Estoril
- Full name: Grupo Desportivo Estoril Praia
- Nicknames: Canarinhos (Canaries) Equipa da Linha Estorilistas Mágico Estoril
- Founded: 17 May 1939; 87 years ago
- Stadium: Estádio António Coimbra da Mota
- Capacity: 5,094
- Owner: Global Football Holdings
- President: Rui Costa
- Head coach: Vasco Matos
- League: Primeira Liga
- 2025–26: Primeira Liga, 10th of 18
- Website: www.estorilpraia.pt
| Home colours | Away colours |

= G.D. Estoril Praia =

Portuguese professional sports club

Grupo Desportivo Estoril Praia (/pt/), commonly known as Estoril, is a Portuguese professional sports club from Estoril, Cascais, Lisbon. Founded on 17 May 1939, its football team currently plays in Primeira Liga and hold home games at the Estádio António Coimbra da Mota, with a seating capacity of 5,094. As a sports club, Estoril has departments for football, futsal and basketball.

Since the club's establishment, the senior football team has won nine secondary trophies, with the most recent being the 2011–12 Liga de Honra. As a result, some personnel of the club received awards in relation to their performances in the 2011–12 season, of which include Licá, who won the LPFP Liga de Honra Player of the Year, Vagner, who won the LPFP Liga de Honra Goalkeeper of the Year, and Marco Silva, who won the LPFP Liga de Honra Coach of the Year.

==History==

===Early beginnings===
The club was founded on 17 May 1939 as Grupo Desportivo Estoril Plage by, among others, Joaquim Cardim, José Ereia, João Rebelo, Armando Vilar, Ernesto Tomás, and Joaquim Nunes. The club's principal promoter was Fausto Cardoso de Figueiredo, the wealthy owner of the Lisbon-Cascais railway, the English hotels of the city, Paris and the Palace, the bath building, and the Estoril Casino. The team's badge and kit colours were inspired by Estoril's many beaches, considered the best in all of Portugal. The yellow symbolizes the colour of the sun, while the blue symbolizes the colour of the neighbouring Atlantic Ocean.

When the club was initially established it began to play in the Campeonato de Lisboa which was a league competition contested by teams from Lisbon. It also began to compete in the Taça de Portugal. Four years after its establishment, the club has reached the Taça de Portugal final in the 1943–44 season in which they lost to Benfica 8–0 at the Campo das Salésias in Lisbon.

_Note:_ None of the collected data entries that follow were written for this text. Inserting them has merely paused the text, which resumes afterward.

text \<open>\<open>A v = 1\<close>, i.e. \<open>v = A\<^sup>-\<^sup>1 1\<close>, since \<open>v\<close> is a quadratic with second difference \<open>-1\<close>.\<close>
lemma Amat_vv: "Amat m *\<^sub>v vv m = vec (m - 1) (\<lambda>_. 1)"
proof (rule eq_vecI)
  fix i assume "i < dim_vec (vec (m - 1) (\<lambda>_. 1 :: real))"
  then have i: "i < m - 1" by simp
  have "(Amat m *\<^sub>v vv m) $ i = 2 * vfun m (i + 1) - vfun m i - vfun m (i + 2)"
    by (rule Amat_mult_samples[OF _ i]) (auto simp: vv_def vfun_def)
  also have "\<dots> = 1" unfolding vfun_def by (simp add: field_simps)
  finally show "(Amat m *\<^sub>v vv m) $ i = vec (m - 1) (\<lambda>_. 1) $ i" using i by simp
qed simp

lemma Ainv_one:
  assumes m: "m \<ge> 2"
  shows "Ainv m *\<^sub>v vec (m - 1) (\<lambda>_. 1) = vv m"
proof -
  have vv: "vv m \<in> carrier_vec (m - 1)" by (simp add: vv_def)
  have "Ainv m *\<^sub>v (Amat m *\<^sub>v vv m) = (Ainv m * Amat m) *\<^sub>v vv m"
    using Ainv_props[OF m] vv by (intro assoc_mult_mat_vec[symmetric]) auto
  then show ?thesis using Ainv_props[OF m] vv Amat_carrier by (simp add: Amat_vv)
qed

section \<open>The spectrum of \<open>A diag(v)\<close>\<close>

definition Adiag :: "nat \<Rightarrow> real vec \<Rightarrow> real mat" where
  "Adiag m u = mat (m - 1) (m - 1) (\<lambda>(i, j). Amat m $$ (i, j) * u $ j)"

lemma Adiag_carrier [simp]: "Adiag m u \<in> carrier_mat (m - 1) (m - 1)"
  and Adiag_dims [simp]: "dim_row (Adiag m u) = m - 1" "dim_col (Adiag m u) = m - 1"
  unfolding Adiag_def by simp_all

lemma Adiag_vv_samples_eigen:
  assumes u0: "u 0 = 0" and um: "u (real m) = 0" and eig: "\<And>x. diff_op m u x = \<mu> * u x"
  defines "y \<equiv> vec (m - 1) (\<lambda>j. u (real (j + 1)) / vfun m (j + 1))"
  shows "Adiag m (vv m) *\<^sub>v y = \<mu> \<cdot>\<^sub>v y"
proof (rule eq_vecI)
  have vpos: "vfun m (j + 1) > 0" if "j < m - 1" for j using that by (intro vfun_pos) auto
  fix i assume "i < dim_vec (\<mu> \<cdot>\<^sub>v y)"
  then have i: "i < m - 1" by (simp add: y_def)
  have "(Adiag m (vv m) *\<^sub>v y) $ i = (\<Sum>j\<in>{0..<m - 1}. Adiag m (vv m) $$ (i, j) * y $ j)"
    using i by (simp add: mult_mat_vec_def scalar_prod_def row_def Adiag_def y_def)
  also have "\<dots> = (\<Sum>j\<in>{0..<m - 1}. Amat m $$ (i, j) * u (real (j + 1)))"
  proof (intro sum.cong refl)
    fix j assume "j \<in> {0..<m - 1}"
    then have j: "j < m - 1" by simp
    show "Adiag m (vv m) $$ (i, j) * y $ j = Amat m $$ (i, j) * u (real (j + 1))"
      using vpos[OF j] i j by (simp add: Adiag_def vv_def y_def)
  qed
  also have "\<dots> = (Amat m *\<^sub>v vec (m - 1) (\<lambda>j. u (real (j + 1)))) $ i"
    using i by (simp add: mult_mat_vec_def scalar_prod_def row_def)
  also have "\<dots> = 2 * u (real (i + 1)) - u (real i) - u (real (i + 2))"
    using u0 um by (intro Amat_mult_samples[OF _ i, of _ "\<lambda>j. u (real j)"]) auto
  also have "\<dots> = \<mu> * u (real (i + 1)) / vfun m (i + 1)"
  proof -
    have "vfun m (i + 1) * (2 * u (real (i + 1)) - u (real i) - u (real (i + 2)))
        = \<mu> * u (real (i + 1))"
      using eig[of "real (i + 1)"] by (simp add: diff_op_def vfun_def add.commute)
    then show ?thesis using vpos[OF i] by (simp add: field_simps)
  qed
  also have "\<dots> = (\<mu> \<cdot>\<^sub>v y) $ i" using i by (simp add: y_def)
  finally show "(Adiag m (vv m) *\<^sub>v y) $ i = (\<mu> \<cdot>\<^sub>v y) $ i" .
qed (simp add: y_def Adiag_def)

Following that season the club reached for the Primeira Liga in the 1944–45 season where they finished seventh in their very first season in Portugal's top flight division. The next season saw the club play in the 1945–46 Segunda Divisão and the 1945–46 Campeonato de Lisboa. The club remained in the top flight until the 1952–53 Primeira Divisão season where they finished last and were relegated to the Portuguese Second Division.

===Decline and revival===
The next season saw them begin their football life in the Segunda Divisão. Estoril played in the division for 22 years before gaining promotion to the top flight again. Following the appointment of experienced English manager Jimmy Hagan in 1973 who prior to being appointed as manager of Estoril had managed Benfica to three consecutive league titles in 1970–71, 1971–72 and 1972–73 as well as a Taça de Portugal in the 1971–72 season he helped the club achieve promotion to Primeira Liga. The club's return saw them finish an impressive eighth place in the league as well as a quarter-finalist in the cup competition. The next ten years saw the club remain in a stable position finishing in mid-table positions up until the mid-1980s.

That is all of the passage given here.